My son and two other 11-year olds joined us for dinner tonight. One of my son's friends held up his iTouch and asked:<p>"What's Jailbreaking?"<p>After a few minutes discussion, they all started piping in...<p>"Isn't it legal to copy music from my Mac to your iPod? How come I am allowed to copy it to 5 different iPods?"<p>"Doesn't apple make the music?"<p>"I heard it is illegal to make a copy of a house key?"<p>Oh, brother. Where to begin?<p>Any tips?<p>I figured starting with "ignorance of the law is no excuse" was a bad idea...
======
byoung2
Put it in terms they understand, like this:

 _Copyright is kinda like, the "right to copy" something. When you type a book
report for school, you can print as many copies as you want, because it's
yours. Maybe you want to print extra just in case you lose one before you hand
it in. Maybe you want to print a copy to give to your uncle Joe the English
professor to proofread. The sky's the limit for you because you wrote it. But
other people can't pick up a copy from Joe's desk and make a hundred
photocopies or scan it and place it online for every 5th grader to hand in as
his own work, and your teacher can't copy it and publish it in the school
newspaper...without your permission...for which you should charge...and give
me a percentage!_

------
mbrubeck
I like the snow shovel analogy, since it's easy to understand but allows for
discussion of many of the nuances and tradeoffs:

<http://www.econlib.org/library/Columns/Mcchesneysnow.html>

When it snows hard in Chicago, people have to shovel out parking spaces for
their cars. But no one will want to do this if someone else can just take the
space as soon as they leave. So the rule (not a law, but socially enforced) is
that the person who shovels the space "owns" it for a limited time. This means
that people can do useful work and be rewarded for it. But their "property"
returns to the public after the snow melts. (Think about how the outcomes
would change if the "ownership" were just for one day, or if it were forever.)
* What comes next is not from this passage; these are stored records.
lemma mat_factor_prod_conj:
  fixes P R M :: "'a::comm_ring_1 mat"
  assumes "P \<in> carrier_mat n n" "R \<in> carrier_mat n n" "M \<in> carrier_mat n n"
    "P * R = 1\<^sub>m n" "R * P = 1\<^sub>m n"
  shows "R * mat_factor_prod n M cs * P = mat_factor_prod n (R * M * P) cs"
proof (induction cs)
  case Nil
  show ?case using assms by simp
next
  case (Cons c cs)
  have "R * mat_factor_prod n M (c # cs) * P
      = (R * (M - c \<cdot>\<^sub>m 1\<^sub>m n) * P) * (R * mat_factor_prod n M cs * P)"
    unfolding mat_factor_prod_Cons
    by (rule conj_mat_mult) (use assms in \<open>auto intro: minus_carrier_mat\<close>)
  with Cons show ?case using assms by (simp del: assoc_mult_mat add: conj_mat_minus_scalar)
qed


text \<open>The first column of p(T) vanishes below position deg p and is nonzero there: each factor
  T - c I pushes the support of a column down by exactly one step.\<close>
lemma mat_factor_prod_irreducible_tridiagonal_col:
  fixes T :: "'a::idom mat"
  assumes T: "T \<in> carrier_mat n n" "irreducible_tridiagonal T"
  shows "length cs < n \<Longrightarrow> mat_factor_prod n T cs $$ (length cs, 0) \<noteq> 0 \<and>
    (\<forall>i<n. length cs < i \<longrightarrow> mat_factor_prod n T cs $$ (i,0) = 0)"
proof (induction cs)
  case (Cons c cs)
  define m where "m = length cs"
  define M where "M = mat_factor_prod n T cs"
  have m: "Suc m < n" using Cons.prems by (simp add: m_def)
  have IH: "M $$ (m,0) \<noteq> 0" "\<And>l. l < n \<Longrightarrow> m < l \<Longrightarrow> M $$ (l,0) = 0"
    using Cons.IH m unfolding m_def M_def by auto
  have T0: "T $$ (i,l) = 0" if "i < n" "l < n" "l + 1 < i" for i l
    using T that unfolding irreducible_tridiagonal_def tridiagonal_def by auto
  have Mc: "M \<in> carrier_mat n n" using T by (simp add: M_def)
  have entry: "mat_factor_prod n T (c # cs) $$ (i,0) =
      (\<Sum>l = 0..<n. (T $$ (i,l) - c * (if i = l then 1 else 0)) * M $$ (l,0))" if "i < n" for i
    using that m carrier_matD[OF T(1)] carrier_matD[OF Mc]
    by (auto simp: M_def[symmetric] scalar_prod_def intro!: sum.cong)
  have "mat_factor_prod n T (c # cs) $$ (Suc m, 0) = T $$ (Suc m, m) * M $$ (m,0)"
    unfolding entry[OF m] by (subst sum_eq_single[of m]) (use m IH T0 in \<open>auto simp: nat_neq_iff\<close>)
  moreover have "T $$ (Suc m, m) \<noteq> 0"
    using T m unfolding irreducible_tridiagonal_def by auto
  moreover have "mat_factor_prod n T (c # cs) $$ (i,0) = 0" if "i < n" "Suc m < i" for i
    unfolding entry[OF that(1)]
  proof (rule sum.neutral, intro ballI)
    fix l assume l: "l \<in> {0..<n}"
    show "(T $$ (i,l) - c * (if i = l then 1 else 0)) * M $$ (l,0) = 0"
    proof (cases "l \<le> m")
      case True
      then show ?thesis using T0[of i l] that l by auto
    qed (use IH(2) l in auto)
  qed
  ultimately show ?case using IH(1) by (simp add: m_def)
qed simp

text \<open>Otherwise the product of D - c I over the distinct diagonal entries c of D would be a
  polynomial of degree < n annihilating M, and hence the irreducible tridiagonal conjugate of M.\<close>
lemma distinct_diag_if_similar_irreducible_tridiagonal:
  fixes M :: "'a::idom mat"
  assumes M: "M \<in> carrier_mat n n"
    and PR: "P \<in> carrier_mat n n" "R \<in> carrier_mat n n" "P * R = 1\<^sub>m n" "R * P = 1\<^sub>m n"
    and D: "diagonal_mat (R * M * P)"
    and QQi: "Q \<in> carrier_mat n n" "Qi \<in> carrier_mat n n" "Q * Qi = 1\<^sub>m n" "Qi * Q = 1\<^sub>m n"
    and T: "irreducible_tridiagonal (Qi * M * Q)"
  shows "distinct (diag_mat (R * M * P))"
proof (rule ccontr)
  define D where "D = R * M * P"
  define cs where "cs = remdups (diag_mat D)"
  assume "\<not> distinct (diag_mat (R * M * P))"
  then have "length cs \<noteq> length (diag_mat D)"
    by (simp add: cs_def D_def length_remdups_eq remdups_id_iff_distinct)
  then have len: "length cs < n"
    using length_remdups_leq[of "diag_mat D"] PR M by (simp add: cs_def D_def diag_mat_def)
  have Dc: "D \<in> carrier_mat n n" using PR M by (simp add: D_def)
  have "mat_factor_prod n D cs = 0\<^sub>m n n"
    unfolding mat_factor_prod_diagonal[OF Dc D[folded D_def]]
    by (rule eq_matI) (use Dc in \<open>auto simp: mat_diag_def cs_def diag_mat_def prod_list_zero_iff\<close>)
  moreover have "P * D * R = M"
    unfolding D_def by (rule conj_mat_cancel) (use PR M in auto)
  then have "P * mat_factor_prod n D cs * R = mat_factor_prod n M cs"
    using mat_factor_prod_conj[of R n P D cs] PR Dc by simp
  ultimately have "mat_factor_prod n M cs = 0\<^sub>m n n" using PR by simp
  then have "mat_factor_prod n (Qi * M * Q) cs = 0\<^sub>m n n"
    using mat_factor_prod_conj[of Q n Qi M cs] QQi M by simp
  moreover have "mat_factor_prod n (Qi * M * Q) cs $$ (length cs, 0) \<noteq> 0"
    using mat_factor_prod_irreducible_tridiagonal_col[OF _ T len] QQi M by simp
  ultimately show False using len by simp
qed

section \<open>Subalgebras of the full matrix algebra\<close>

definition matrix_subalgebra :: "nat \<Rightarrow> 'a::semiring_1 mat set \<Rightarrow> bool" where
  "matrix_subalgebra n S \<longleftrightarrow> S \<subseteq> carrier_mat n n \<and> 1\<^sub>m n \<in> S \<and>
     (\<forall>X\<in>S. \<forall>Y\<in>S. X + Y \<in> S \<and> X * Y \<in> S) \<and> (\<forall>c. \<forall>X\<in>S. c \<cdot>\<^sub>m X \<in> S)"

lemma matrix_subalgebraD:
  assumes "matrix_subalgebra n S"
  shows "S \<subseteq> carrier_mat n n" "1\<^sub>m n \<in> S" "X \<in> S \<Longrightarrow> Y \<in> S \<Longrightarrow> X + Y \<in> S"
    "X \<in> S \<Longrightarrow> Y \<in> S \<Longrightarrow> X * Y \<in> S" "X \<in> S \<Longrightarrow> c \<cdot>\<^sub>m X \<in> S"
  using assms unfolding matrix_subalgebra_def by blast+

lemma mat_factor_prod_mem:
  fixes M :: "'a::comm_ring_1 mat"
  assumes S: "matrix_subalgebra n S" and "M \<in> S"
  shows "mat_factor_prod n M cs \<in> S"
proof (induction cs)
  case (Cons c cs)
  have "M - c \<cdot>\<^sub>m 1\<^sub>m n = M + (- c) \<cdot>\<^sub>m 1\<^sub>m n"
    using assms matrix_subalgebraD(1)[OF S] by (intro eq_matI) auto
  with Cons assms show ?case by (simp add: matrix_subalgebraD[OF S])
qed (simp add: matrix_subalgebraD[OF S])

text \<open>E_ii is a nonzero multiple of the product of D - c I over the diagonal entries c of D
  other than D_ii.\<close>
lemma mat_unit_diag_mem:
  fixes D :: "'a::field mat"
  assumes S: "matrix_subalgebra n S" and D: "D \<in> S" "diagonal_mat D" "distinct (diag_mat D)"
    and i: "i < n"
  shows "mat_unit n i i \<in> S"
proof -
  have Dc: "D \<in> carrier_mat n n" using matrix_subalgebraD(1)[OF S] D(1) by blast
  define cs where "cs = removeAll (D $$ (i,i)) (diag_mat D)"
  define c where "c = (\<Prod>e\<leftarrow>cs. D $$ (i,i) - e)"
  have "c \<noteq> 0" by (auto simp: c_def cs_def prod_list_zero_iff)
  have inj: "inj_on (\<lambda>a. D $$ (a,a)) {0..<n}"
    using D(3) Dc by (simp add: diag_mat_def distinct_map)
  have other: "D $$ (a,a) \<in> set cs" if "a < n" "a \<noteq> i" for a
  proof -
    have "D $$ (a,a) \<noteq> D $$ (i,i)" using inj_onD[OF inj, of a i] that i by auto
    then show ?thesis using that Dc by (simp add: cs_def diag_mat_def)
  qed
  have "mat_factor_prod n D cs = c \<cdot>\<^sub>m mat_unit n i i"
    unfolding mat_factor_prod_diagonal[OF Dc D(2)]
    by (rule eq_matI) (auto simp: mat_diag_def mat_unit_def c_def prod_list_zero_iff other)
  then have "mat_unit n i i = (1 / c) \<cdot>\<^sub>m mat_factor_prod n D cs"
    using \<open>c \<noteq> 0\<close> by (intro eq_matI) (auto simp: mat_unit_def)
  then show ?thesis using mat_factor_prod_mem[OF S D(1)] matrix_subalgebraD(5)[OF S] by metis
qed

lemma mat_unit_mem:
  fixes T D :: "'a::field mat"
  assumes S: "matrix_subalgebra n S" and T: "T \<in> S" "irreducible_tridiagonal T"
    and D: "D \<in> S" "diagonal_mat D" "distinct (diag_mat D)"
  shows "i < n \<Longrightarrow> j < n \<Longrightarrow> mat_unit n i j \<in> S"
proof -
  note closed = matrix_subalgebraD(4,5)[OF S]
  have Tc: "T \<in> carrier_mat n n" using matrix_subalgebraD(1)[OF S] T(1) by blast
  have diag: "mat_unit n i i \<in> S" if "i < n" for i
    by (rule mat_unit_diag_mem[OF S D that])
  have adjacent: "mat_unit n i j \<in> S" if "i < n" "j < n" "j = Suc i \<or> i = Suc j" for i j
  proof -
    have "T $$ (i,j) \<noteq> 0"
      using Tc T(2) that unfolding irreducible_tridiagonal_def by auto
    then have "mat_unit n i j = (1 / T $$ (i,j)) \<cdot>\<^sub>m (mat_unit n i i * T * mat_unit n j j)"
      using mat_unit_sandwich[OF that(1,2) Tc] by (intro eq_matI) (auto simp: mat_unit_def)
    then show ?thesis using closed diag that T(1) by metis
  qed
  have "mat_unit n i j \<in> S \<and> mat_unit n j i \<in> S" if "i \<le> j" "j < n" for i j
    using that
  proof (induction j rule: dec_induct)
    case base
    show ?case using diag base by simp
  next
    case (step k)
    have "mat_unit n i (Suc k) = (mat_unit n i k * mat_unit n k (Suc k) :: 'a mat)"
      "mat_unit n (Suc k) i = (mat_unit n (Suc k) k * mat_unit n k i :: 'a mat)"
      using step by (simp_all add: mat_unit_mult)
    moreover have "mat_unit n i k \<in> S" "mat_unit n k i \<in> S"
      "mat_unit n k (Suc k) \<in> S" "mat_unit n (Suc k) k \<in> S"
      using adjacent step by auto
    ultimately show ?case using closed(1) by simp
  qed
  then show "i < n \<Longrightarrow> j < n \<Longrightarrow> mat_unit n i j \<in> S" by (cases "i \<le> j") auto
qed

lemma matrix_subalgebra_full_if_mat_units:
  fixes S :: "'a::field mat set"
  assumes S: "matrix_subalgebra n S" and units: "\<And>i j. i < n \<Longrightarrow> j < n \<Longrightarrow> mat_unit n i j \<in> S"
  shows "carrier_mat n n \<subseteq> S"
proof
  fix X :: "'a mat" assume X: "X \<in> carrier_mat n n"
  note closed = matrix_subalgebraD(2,3,5)[OF S]
  have "X' \<in> S" if "finite F" "F \<subseteq> {..<n} \<times> {..<n}" "X' \<in> carrier_mat n n"
    "\<And>i j. i < n \<Longrightarrow> j < n \<Longrightarrow> (i,j) \<notin> F \<Longrightarrow> X' $$ (i,j) = 0" for F X'
    using that
  proof (induction F arbitrary: X' rule: finite_induct)
    case empty
    then have "X' = 0 \<cdot>\<^sub>m 1\<^sub>m n" by (intro eq_matI) auto
    then show ?case using closed by metis
  next
    case (insert p F)
    obtain i j where p: "p = (i,j)" "i < n" "j < n" using insert.prems(1) by auto
    define X'' where "X'' = X' + (- X' $$ (i,j)) \<cdot>\<^sub>m mat_unit n i j"
    have "X'' \<in> S"
      using insert p by (intro insert.IH) (auto simp: X''_def mat_unit_def)
    moreover have "X' = X'' + X' $$ (i,j) \<cdot>\<^sub>m mat_unit n i j"
      using insert.prems(2) by (intro eq_matI) (auto simp: X''_def mat_unit_def)
    ultimately show ?case using closed units[OF p(2,3)] by metis
  qed
  from this[of "{..<n} \<times> {..<n}" X] show "X \<in> S" using X by auto
qed

lemma matrix_subalgebra_full_if_tridiagonal_diagonal:
  fixes T D :: "'a::field mat"
  assumes "matrix_subalgebra n S" "T \<in> S" "irreducible_tridiagonal T"
    and "D \<in> S" "diagonal_mat D" "distinct (diag_mat D)"
  shows "carrier_mat n n \<subseteq> S"
  by (rule matrix_subalgebra_full_if_mat_units[OF assms(1)]) (rule mat_unit_mem[OF assms])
This doesn't capture all the interesting things about copyright (like the non-
scarcity and zero marginal cost of information goods) but it does capture some
important differences between "intellectual property" and real property that
get left out of most discussions. And the Chicago parking system is
controversial just like many copyright issues.

------
vonsydov
Or maybe...copyright is a way to make sure that the guys who created the
product get as much money for it as possible. Why make it a moral issue when
its more like a cultural issue in the way humans have implemented resource
sharing and creative compensation.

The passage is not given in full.